### [WORK REQUEST]
A faithful, word-for-word transcription of all the data is what is needed.

************

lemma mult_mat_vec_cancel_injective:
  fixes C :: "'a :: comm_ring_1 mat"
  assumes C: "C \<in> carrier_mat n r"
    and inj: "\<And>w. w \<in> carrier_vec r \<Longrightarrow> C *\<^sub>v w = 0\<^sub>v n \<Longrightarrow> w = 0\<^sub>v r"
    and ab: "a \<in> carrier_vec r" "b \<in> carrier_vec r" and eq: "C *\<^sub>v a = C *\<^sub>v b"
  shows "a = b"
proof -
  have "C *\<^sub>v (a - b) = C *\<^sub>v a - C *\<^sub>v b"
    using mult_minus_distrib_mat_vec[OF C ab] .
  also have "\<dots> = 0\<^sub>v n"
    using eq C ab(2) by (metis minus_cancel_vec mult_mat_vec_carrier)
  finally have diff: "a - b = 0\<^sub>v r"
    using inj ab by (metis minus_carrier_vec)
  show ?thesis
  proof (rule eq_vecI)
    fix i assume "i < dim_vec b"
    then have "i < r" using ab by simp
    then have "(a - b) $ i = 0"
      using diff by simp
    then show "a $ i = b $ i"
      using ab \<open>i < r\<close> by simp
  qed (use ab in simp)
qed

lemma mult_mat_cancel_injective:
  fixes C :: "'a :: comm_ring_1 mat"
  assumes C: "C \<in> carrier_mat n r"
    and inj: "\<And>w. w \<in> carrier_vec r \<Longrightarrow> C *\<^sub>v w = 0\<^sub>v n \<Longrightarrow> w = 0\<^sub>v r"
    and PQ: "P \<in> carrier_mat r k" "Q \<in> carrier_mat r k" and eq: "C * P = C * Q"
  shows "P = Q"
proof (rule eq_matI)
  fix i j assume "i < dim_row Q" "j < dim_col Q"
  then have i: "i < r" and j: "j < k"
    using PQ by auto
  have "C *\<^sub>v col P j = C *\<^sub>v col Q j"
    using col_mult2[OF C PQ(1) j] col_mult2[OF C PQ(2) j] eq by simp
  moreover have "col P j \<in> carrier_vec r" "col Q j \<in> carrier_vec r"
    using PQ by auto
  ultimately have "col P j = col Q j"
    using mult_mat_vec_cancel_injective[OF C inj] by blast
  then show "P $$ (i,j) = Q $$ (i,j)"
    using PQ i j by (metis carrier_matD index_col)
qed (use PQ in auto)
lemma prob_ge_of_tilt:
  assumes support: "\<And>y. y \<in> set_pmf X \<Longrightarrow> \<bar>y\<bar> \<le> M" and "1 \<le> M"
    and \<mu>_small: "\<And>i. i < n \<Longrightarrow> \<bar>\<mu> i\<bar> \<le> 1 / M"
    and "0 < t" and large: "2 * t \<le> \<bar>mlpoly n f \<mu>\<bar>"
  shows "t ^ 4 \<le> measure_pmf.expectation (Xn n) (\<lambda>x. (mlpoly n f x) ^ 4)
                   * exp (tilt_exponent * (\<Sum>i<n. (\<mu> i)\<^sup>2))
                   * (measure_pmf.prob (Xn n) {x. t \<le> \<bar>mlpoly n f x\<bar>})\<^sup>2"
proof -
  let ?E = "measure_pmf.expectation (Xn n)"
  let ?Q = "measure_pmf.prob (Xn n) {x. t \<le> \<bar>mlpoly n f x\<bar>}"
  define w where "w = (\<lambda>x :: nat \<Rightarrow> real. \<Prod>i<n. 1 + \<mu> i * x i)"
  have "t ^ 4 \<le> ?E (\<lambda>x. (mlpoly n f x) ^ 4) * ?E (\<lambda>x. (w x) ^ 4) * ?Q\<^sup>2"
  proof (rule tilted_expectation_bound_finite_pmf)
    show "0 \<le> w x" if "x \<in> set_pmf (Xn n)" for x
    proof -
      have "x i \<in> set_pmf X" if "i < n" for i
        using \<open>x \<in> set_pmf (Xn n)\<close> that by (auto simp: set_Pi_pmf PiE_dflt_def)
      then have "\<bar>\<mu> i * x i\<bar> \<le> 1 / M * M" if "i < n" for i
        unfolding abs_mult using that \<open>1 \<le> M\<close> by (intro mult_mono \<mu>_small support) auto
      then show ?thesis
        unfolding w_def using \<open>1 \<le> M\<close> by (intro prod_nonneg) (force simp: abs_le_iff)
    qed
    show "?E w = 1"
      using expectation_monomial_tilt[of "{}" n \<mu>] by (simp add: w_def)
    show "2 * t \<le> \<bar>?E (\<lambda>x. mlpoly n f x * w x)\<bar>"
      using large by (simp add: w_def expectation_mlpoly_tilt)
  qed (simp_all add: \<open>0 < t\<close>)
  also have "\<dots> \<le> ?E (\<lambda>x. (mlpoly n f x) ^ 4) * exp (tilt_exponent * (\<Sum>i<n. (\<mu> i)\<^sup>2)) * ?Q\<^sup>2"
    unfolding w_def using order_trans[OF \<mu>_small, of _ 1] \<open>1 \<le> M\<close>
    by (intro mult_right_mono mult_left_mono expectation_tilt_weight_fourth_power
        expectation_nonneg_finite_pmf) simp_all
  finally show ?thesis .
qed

************

### [ANSWER FOR THIS EXERCISE]
lemma mult_mat_vec_cancel_injective:
  fixes C :: "'a :: comm_ring_1 mat"
  assumes C: "C \<in> carrier_mat n r"
    and inj: "\<And>w. w \<in> carrier_vec r \<Longrightarrow> C *\<^sub>v w = 0\<^sub>v n \<Longrightarrow> w = 0\<^sub>v r"
    and ab: "a \<in> carrier_vec r" "b \<in> carrier_vec r" and eq: "C *\<^sub>v a = C *\<^sub>v b"
  shows "a = b"
proof -
  have "C *\<^sub>v (a - b) = C *\<^sub>v a - C *\<^sub>v b"
    using mult_minus_distrib_mat_vec[OF C ab] .
  also have "\<dots> = 0\<^sub>v n"
    using eq C ab(2) by (metis minus_cancel_vec mult_mat_vec_carrier)
  finally have diff: "a - b = 0\<^sub>v r"
    using inj ab by (metis minus_carrier_vec)
  show ?thesis
  proof (rule eq_vecI)
    fix i assume "i < dim_vec b"
    then have "i < r" using ab by simp
    then have "(a - b) $ i = 0"
      using diff by simp
    then show "a $ i = b $ i"
      using ab \<open>i < r\<close> by simp
  qed (use ab in simp)
qed

lemma mult_mat_cancel_injective:
  fixes C :: "'a :: comm_ring_1 mat"
  assumes C: "C \<in> carrier_mat n r"
    and inj: "\<And>w. w \<in> carrier_vec r \<Longrightarrow> C *\<^sub>v w = 0\<^sub>v n \<Longrightarrow> w = 0\<^sub>v r"
    and PQ: "P \<in> carrier_mat r k" "Q \<in> carrier_mat r k" and eq: "C * P = C * Q"
  shows "P = Q"
proof (rule eq_matI)
  fix i j assume "i < dim_row Q" "j < dim_col Q"
  then have i: "i < r" and j: "j < k"
    using PQ by auto
  have "C *\<^sub>v col P j = C *\<^sub>v col Q j"
    using col_mult2[OF C PQ(1) j] col_mult2[OF C PQ(2) j] eq by simp
  moreover have "col P j \<in> carrier_vec r" "col Q j \<in> carrier_vec r"
    using PQ by auto
  ultimately have "col P j = col Q j"
    using mult_mat_vec_cancel_injective[OF C inj] by blast
  then show "P $$ (i,j) = Q $$ (i,j)"
    using PQ i j by (metis carrier_matD index_col)
qed (use PQ in auto)
lemma prob_ge_of_tilt:
  assumes support: "\<And>y. y \<in> set_pmf X \<Longrightarrow> \<bar>y\<bar> \<le> M" and "1 \<le> M"
    and \<mu>_small: "\<And>i. i < n \<Longrightarrow> \<bar>\<mu> i\<bar> \<le> 1 / M"
    and "0 < t" and large: "2 * t \<le> \<bar>mlpoly n f \<mu>\<bar>"
  shows "t ^ 4 \<le> measure_pmf.expectation (Xn n) (\<lambda>x. (mlpoly n f x) ^ 4)
                   * exp (tilt_exponent * (\<Sum>i<n. (\<mu> i)\<^sup>2))
                   * (measure_pmf.prob (Xn n) {x. t \<le> \<bar>mlpoly n f x\<bar>})\<^sup>2"
proof -
  let ?E = "measure_pmf.expectation (Xn n)"
  let ?Q = "measure_pmf.prob (Xn n) {x. t \<le> \<bar>mlpoly n f x\<bar>}"
  define w where "w = (\<lambda>x :: nat \<Rightarrow> real. \<Prod>i<n. 1 + \<mu> i * x i)"
  have "t ^ 4 \<le> ?E (\<lambda>x. (mlpoly n f x) ^ 4) * ?E (\<lambda>x. (w x) ^ 4) * ?Q\<^sup>2"
  proof (rule tilted_expectation_bound_finite_pmf)
    show "0 \<le> w x" if "x \<in> set_pmf (Xn n)" for x
    proof -
      have "x i \<in> set_pmf X" if "i < n" for i
        using \<open>x \<in> set_pmf (Xn n)\<close> that by (auto simp: set_Pi_pmf PiE_dflt_def)
      then have "\<bar>\<mu> i * x i\<bar> \<le> 1 / M * M" if "i < n" for i
        unfolding abs_mult using that \<open>1 \<le> M\<close> by (intro mult_mono \<mu>_small support) auto
      then show ?thesis
        unfolding w_def using \<open>1 \<le> M\<close> by (intro prod_nonneg) (force simp: abs_le_iff)
    qed
    show "?E w = 1"
      using expectation_monomial_tilt[of "{}" n \<mu>] by (simp add: w_def)
    show "2 * t \<le> \<bar>?E (\<lambda>x. mlpoly n f x * w x)\<bar>"
      using large by (simp add: w_def expectation_mlpoly_tilt)
  qed (simp_all add: \<open>0 < t\<close>)
  also have "\<dots> \<le> ?E (\<lambda>x. (mlpoly n f x) ^ 4) * exp (tilt_exponent * (\<Sum>i<n. (\<mu> i)\<^sup>2)) * ?Q\<^sup>2"
    unfolding w_def using order_trans[OF \<mu>_small, of _ 1] \<open>1 \<le> M\<close>
    by (intro mult_right_mono mult_left_mono expectation_tilt_weight_fourth_power
        expectation_nonneg_finite_pmf) simp_all
  finally show ?thesis .
qed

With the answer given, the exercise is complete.